One consequence of this is that it takes a huge part of government funding for universities ‘off balance sheet’, meaning that when BIS is asked to make further cuts it has relatively limited room for manoeuvre. With the research budget protected that means Vince Cable has been left making cuts to student maintenance grants. These grants are supposed to help students meet the cost of living but they are being cut by £60 million in real terms in 2015/16. Moreover there is an unallocated £45 million cut to the Hefce budget, which is likely to mean cuts in ‘widening participation’ funding that is intended to improve access to those from disadvantaged backgrounds. These decisions will become even harder after the election: IPPR calculates that BIS can expect to see a further cut of 22% to its budget in the next parliament.
Contrary to what Osborne the student finance system is not actually financially sustainable. The government has consistently over estimated how much money it will get back from graduates once they have started to repay. Rather than the 30% of loans not being repaid the government first calculated, we calculate that as much as 40% of student loans will go unpaid. IPPR estimates that this could produce a £1 billion black hole in the department’s budget over time.
The government is right to abolish the National Scholarship Programme, which is spent on fee waivers and bursaries which have proven ineffective at improving access. £50 million of this £150 million scheme is to be switched to support disadvantaged postgraduate students. This is welcome, but the government should go further and give postgraduates access to the same subsidized loans as undergraduates.

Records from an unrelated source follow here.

text \<open>Each first-pass step is an orthogonal projection of u_{t-1} + w_t (Y_t - Yt_t) away from Yt_t.\<close>
lemma ord_align_first_pass_le:
  assumes nz: "nonzero_cols m n Yt" and t: "t \<le> n"
  shows "vnorm m (snd (ord_align_steps m n Y Yt w t))
           \<le> (\<Sum>l<t. \<bar>w l\<bar> * vnorm m (\<lambda>k. Y k l - Yt k l))"
  using t
proof (induction t)
  case 0
  then show ?case by (simp add: vnorm_def)
next
  case (Suc t)
  obtain wt u where st: "ord_align_steps m n Y Yt w t = (wt, u)" by force
  have t: "t < n" using Suc.prems by simp
  define y where "y = col Yt t"
  have S: "vinner m y y > 0" unfolding y_def by (rule nonzero_cols_vinner_pos[OF nz t])
  define c where "c = (\<Sum>k<m. Yt k t * (u k + w t * Y k t)) / (\<Sum>k<m. (Yt k t)\<^sup>2)"
  have e: "snd (ord_align_steps m n Y Yt w (Suc t)) = (\<lambda>k. u k + w t * Y k t - c * Yt k t)"
    using t by (simp add: st Let_def c_def)
  define x where "x = (\<lambda>k. u k + w t * (Y k t - Yt k t))"
  have c: "c = vinner m y (\<lambda>k. u k + w t * Y k t) / vinner m y y"
    unfolding c_def y_def vinner_col_self by (simp add: vinner_def col_def)
  have "vinner m y x = vinner m y (\<lambda>k. u k + w t * Y k t) - w t * vinner m y y"
    unfolding x_def y_def col_def vinner_def
    by (simp add: algebra_simps sum_subtractf sum.distrib sum_distrib_left)
  then have q: "vinner m y x / vinner m y y = c - w t" unfolding c using S by (simp add: field_simps)
  have "(\<lambda>k. u k + w t * Y k t - c * Yt k t) = (\<lambda>k. x k - vinner m y x / vinner m y y * y k)"
    unfolding q by (simp add: x_def y_def col_def algebra_simps)
  then have "vnorm m (snd (ord_align_steps m n Y Yt w (Suc t))) \<le> vnorm m x"
    unfolding e using vnorm_proj_le[OF S] by simp
  also have "\<dots> \<le> vnorm m u + \<bar>w t\<bar> * vnorm m (\<lambda>k. Y k t - Yt k t)"
    unfolding x_def using vnorm_triangle[of m u "\<lambda>k. w t * (Y k t - Yt k t)"]
    by (simp only: vnorm_scale)
  also have "\<dots> \<le> (\<Sum>l<Suc t. \<bar>w l\<bar> * vnorm m (\<lambda>k. Y k l - Yt k l))"
    using Suc st by simp
  finally show ?case .
qed

lemma ord_align_later_pass:
  assumes nz: "nonzero_cols m n Yt" and s: "s \<ge> 1" and t: "t \<le> n" and k: "k < m"
  shows "snd (ord_align_steps m n Y Yt w (s * n + t)) k
           = matvec m (prod_proj m Yt t) (snd (ord_align_steps m n Y Yt w (s * n))) k"
  using t k
proof (induction t arbitrary: k)
  case 0
  then show ?case by (simp add: matvec_id)
next
  case (Suc t)
  have t: "t < n" using Suc.prems by simp
  obtain wt u where st: "ord_align_steps m n Y Yt w (s * n + t) = (wt, u)" by force
  define y where "y = col Yt t"
  have S: "vinner m y y > 0" unfolding y_def by (rule nonzero_cols_vinner_pos[OF nz t])
  have "n \<le> s * n" using s by simp
  then have later: "\<not> s * n + t < n" by linarith
  have md: "(s * n + t) mod n = t" "t mod n = t" using t by simp_all
  define v where "v = (\<lambda>k. u k - w t * Y k t + wt t * Yt k t)"
  define c where "c = (\<Sum>k<m. Yt k t * (v k + w t * Y k t)) / (\<Sum>k<m. (Yt k t)\<^sup>2)"
  have e: "snd (ord_align_steps m n Y Yt w (s * n + Suc t)) = (\<lambda>k. v k + w t * Y k t - c * Yt k t)"
    using later by (simp add: st Let_def c_def v_def md)
  have "(\<Sum>k<m. Yt k t * (v k + w t * Y k t)) = vinner m y u + wt t * vinner m y y"
    unfolding v_def y_def vinner_def col_def
    by (simp add: algebra_simps sum.distrib sum_distrib_left)
  then have c: "c = vinner m y u / vinner m y y + wt t"
    using S unfolding c_def y_def vinner_col_self[symmetric] by (simp add: add_divide_distrib)
  have "snd (ord_align_steps m n Y Yt w (s * n + Suc t)) k = u k - vinner m y u / vinner m y y * y k"
    unfolding e c v_def y_def col_def by (simp add: algebra_simps)
  also have "\<dots> = matvec m (proj_perp m y) u k" using Suc.prems by (simp add: matvec_proj_perp)
  also have "matvec m (proj_perp m y) u
      = matvec m (proj_perp m y) (matvec m (prod_proj m Yt t) (snd (ord_align_steps m n Y Yt w (s * n))))"
    using Suc.IH t st by (intro matvec_cong) simp
  also have "\<dots> = matvec m (prod_proj m Yt (Suc t)) (snd (ord_align_steps m n Y Yt w (s * n)))"
    by (simp add: matvec_matmul y_def)
  finally show ?case .
qed

lemma ord_align_err_le:
  assumes n: "n > 0" and r: "r \<ge> 1" and nz: "nonzero_cols m n Yt"
    and w: "\<forall>l<n. \<bar>w l\<bar> \<le> B"
    and D: "\<forall>l<n. vnorm m (\<lambda>k. Y k l - Yt k l) \<le> D"
  shows "align_err m n Y Yt w (ord_align r m n Y Yt w)
           \<le> opnorm2 m (prod_proj m Yt n) ^ (r - 1) * (real n * B * D)"
proof -
  define U where "U = (\<lambda>s. snd (ord_align_steps m n Y Yt w (s * n)))"
  define P where "P = opnorm2 m (prod_proj m Yt n)"
  have P: "P \<ge> 0" unfolding P_def by (rule opnorm2_nonneg)
  have U: "vnorm m (U (Suc s)) \<le> P ^ s * (real n * B * D)" for s
  proof (induction s)
    case 0
    have "vnorm m (U 1) \<le> (\<Sum>l<n. \<bar>w l\<bar> * vnorm m (\<lambda>k. Y k l - Yt k l))"
      unfolding U_def using ord_align_first_pass_le[OF nz order.refl] by simp
    also have "\<dots> \<le> (\<Sum>l<n. B * D)"
      using w D by (intro sum_mono mult_mono) (auto simp: vnorm_nonneg order.trans[OF abs_ge_zero])
    finally show ?case by simp
  next
    case (Suc s)
    have "vnorm m (U (Suc (Suc s))) = vnorm m (matvec m (prod_proj m Yt n) (U (Suc s)))"
      unfolding U_def using ord_align_later_pass[OF nz _ order.refl, of "Suc s"]
      by (intro vnorm_cong) (simp add: add.commute)
    also have "\<dots> \<le> P * vnorm m (U (Suc s))" unfolding P_def by (rule vnorm_matvec_le)
    also have "\<dots> \<le> P * (P ^ s * (real n * B * D))" using Suc P by (intro mult_left_mono) auto
    finally show ?case by simp
  qed
  have "min (r * n) n = n" using r by simp
  then have "align_err m n Y Yt w (ord_align r m n Y Yt w) = vnorm m (U r)"
    unfolding align_err_def U_def ord_align_def ord_align_steps_residual[OF n]
    by (simp add: sum_subtractf)
  also have "\<dots> \<le> P ^ (r - 1) * (real n * B * D)" using U[of "r - 1"] r by simp
  finally show ?thesis unfolding P_def .
qed

section \<open>Error propagation through the layers\<close>

definition fwd_err :: "nat \<Rightarrow> (nat \<Rightarrow> nat) \<Rightarrow> (nat \<Rightarrow> mat) \<Rightarrow> (nat \<Rightarrow> mat) \<Rightarrow> mat \<Rightarrow> nat \<Rightarrow> real" where
  "fwd_err m N W Q X i = max_col_norm m (N i) (\<lambda>k l. fwd m N W X i k l - fwd m N Q X i k l)"

lemma net_err_eq_fwd_err: "net_err m N W Q X L = fwd_err m N W Q X L"
  unfolding net_err_def fwd_err_def max_col_norm_def col_def ..

lemma fwd_err_0:
  assumes "N 0 > 0"
  shows "fwd_err m N W Q X 0 = 0"
proof -
  have "fwd_err m N W Q X 0 \<le> 0"
    unfolding fwd_err_def by (rule max_col_norm_le[OF assms]) (simp add: col_def)
  moreover have "fwd_err m N W Q X 0 \<ge> 0"
    unfolding fwd_err_def by (rule max_col_norm_nonneg[OF assms])
  ultimately show ?thesis by simp
qed

lemma max_col_norm_fwd_le:
  assumes "N i > 0"
  shows "max_col_norm m (N i) (fwd m N Q X i) \<le> max_col_norm m (N i) (fwd m N W X i) + fwd_err m N W Q X i"
proof (rule max_col_norm_le[OF assms])
  fix j assume j: "j < N i"
  let ?D = "\<lambda>k l. fwd m N W X i k l - fwd m N Q X i k l"
  have "vnorm m (col (fwd m N Q X i) j) = vnorm m (\<lambda>k. col (fwd m N W X i) j k + - col ?D j k)"
    by (simp add: col_def)
  also have "\<dots> \<le> vnorm m (col (fwd m N W X i) j) + vnorm m (col ?D j)"
    using vnorm_triangle[of m "col (fwd m N W X i) j" "\<lambda>k. - col ?D j k"] by (simp add: vnorm_minus)
  also have "\<dots> \<le> max_col_norm m (N i) (fwd m N W X i) + fwd_err m N W Q X i"
    unfolding fwd_err_def using j by (intro add_mono max_col_norm_ge)
  finally show "vnorm m (col (fwd m N Q X i) j) \<le> max_col_norm m (N i) (fwd m N W X i) + fwd_err m N W Q X i" .
qed

text \<open>ReLU is 1-Lipschitz, so the pre-activation error of each column bounds its error.\<close>
lemma fwd_err_Suc_le:
  assumes N: "N (Suc i) > 0"
    and good: "Q \<notin> qnet_layer_bad \<delta> m N W X al p i"
    and align: "\<And>j. j < N (Suc i) \<Longrightarrow> align_err m (N i) (fwd m N W X i) (fwd m N Q X i)
       (col (W (Suc i)) j) (al (N i) (fwd m N W X i) (fwd m N Q X i) (col (W (Suc i)) j)) \<le> E"
  shows "fwd_err m N W Q X (Suc i) \<le> E + quant_thr \<delta> p m (N i) (fwd m N Q X i)"
  unfolding fwd_err_def
proof (rule max_col_norm_le[OF N])
  fix j assume j: "j < N (Suc i)"
  let ?Y = "fwd m N W X i" and ?Yt = "fwd m N Q X i"
  let ?a = "al (N i) ?Y ?Yt (col (W (Suc i)) j)"
  define e1 where "e1 = (\<lambda>k. (\<Sum>l<N i. ?Y k l * W (Suc i) l j) - (\<Sum>l<N i. ?Yt k l * ?a l))"
  define e2 where "e2 = (\<lambda>k. \<Sum>l<N i. ?Yt k l * (?a l - Q (Suc i) l j))"
  have "vnorm m (col (\<lambda>k l. fwd m N W X (Suc i) k l - fwd m N Q X (Suc i) k l) j)
      \<le> vnorm m (\<lambda>k. e1 k + e2 k)"
  proof (rule vnorm_mono_abs)
    fix k
    have "e1 k + e2 k = (\<Sum>l<N i. ?Y k l * W (Suc i) l j) - (\<Sum>l<N i. ?Yt k l * Q (Suc i) l j)"
      unfolding e1_def e2_def by (simp add: right_diff_distrib sum_subtractf)
    then show "\<bar>col (\<lambda>k l. fwd m N W X (Suc i) k l - fwd m N Q X (Suc i) k l) j k\<bar> \<le> \<bar>e1 k + e2 k\<bar>"
      unfolding col_def using relu_dist_le by simp
  qed
  also have "\<dots> \<le> vnorm m e1 + vnorm m e2" by (rule vnorm_triangle)
  also have "\<dots> \<le> E + quant_thr \<delta> p m (N i) ?Yt"
  proof (rule add_mono)
    show "vnorm m e1 \<le> E" using align[OF j] unfolding align_err_def e1_def by (simp add: col_def)
    have "\<not> quant_thr \<delta> p m (N i) ?Yt < quant_err m (N i) ?Yt ?a (col (Q (Suc i)) j)"
      using good j unfolding qnet_layer_bad_def layer_bad_def by auto
    then show "vnorm m e2 \<le> quant_thr \<delta> p m (N i) ?Yt"
      unfolding quant_err_def e2_def col_def by simp
  qed
  finally show "vnorm m (col (\<lambda>k l. fwd m N W X (Suc i) k l - fwd m N Q X (Suc i) k l) j)
      \<le> E + quant_thr \<delta> p m (N i) ?Yt" .
qed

The long term cost of this to the taxpayer is very low.
The big loser in today’s announcement is further education, whose funding will be reduced by a further £260 million in 2015/16. Overall further education is taking a bigger cut than higher education, despite its vital role in improving social mobility. Coming after previous cuts to the EMA and the scrapping of the Future Jobs Fund, this government has overseen a massive withdrawal of support for those young people in education and training who do not go to university.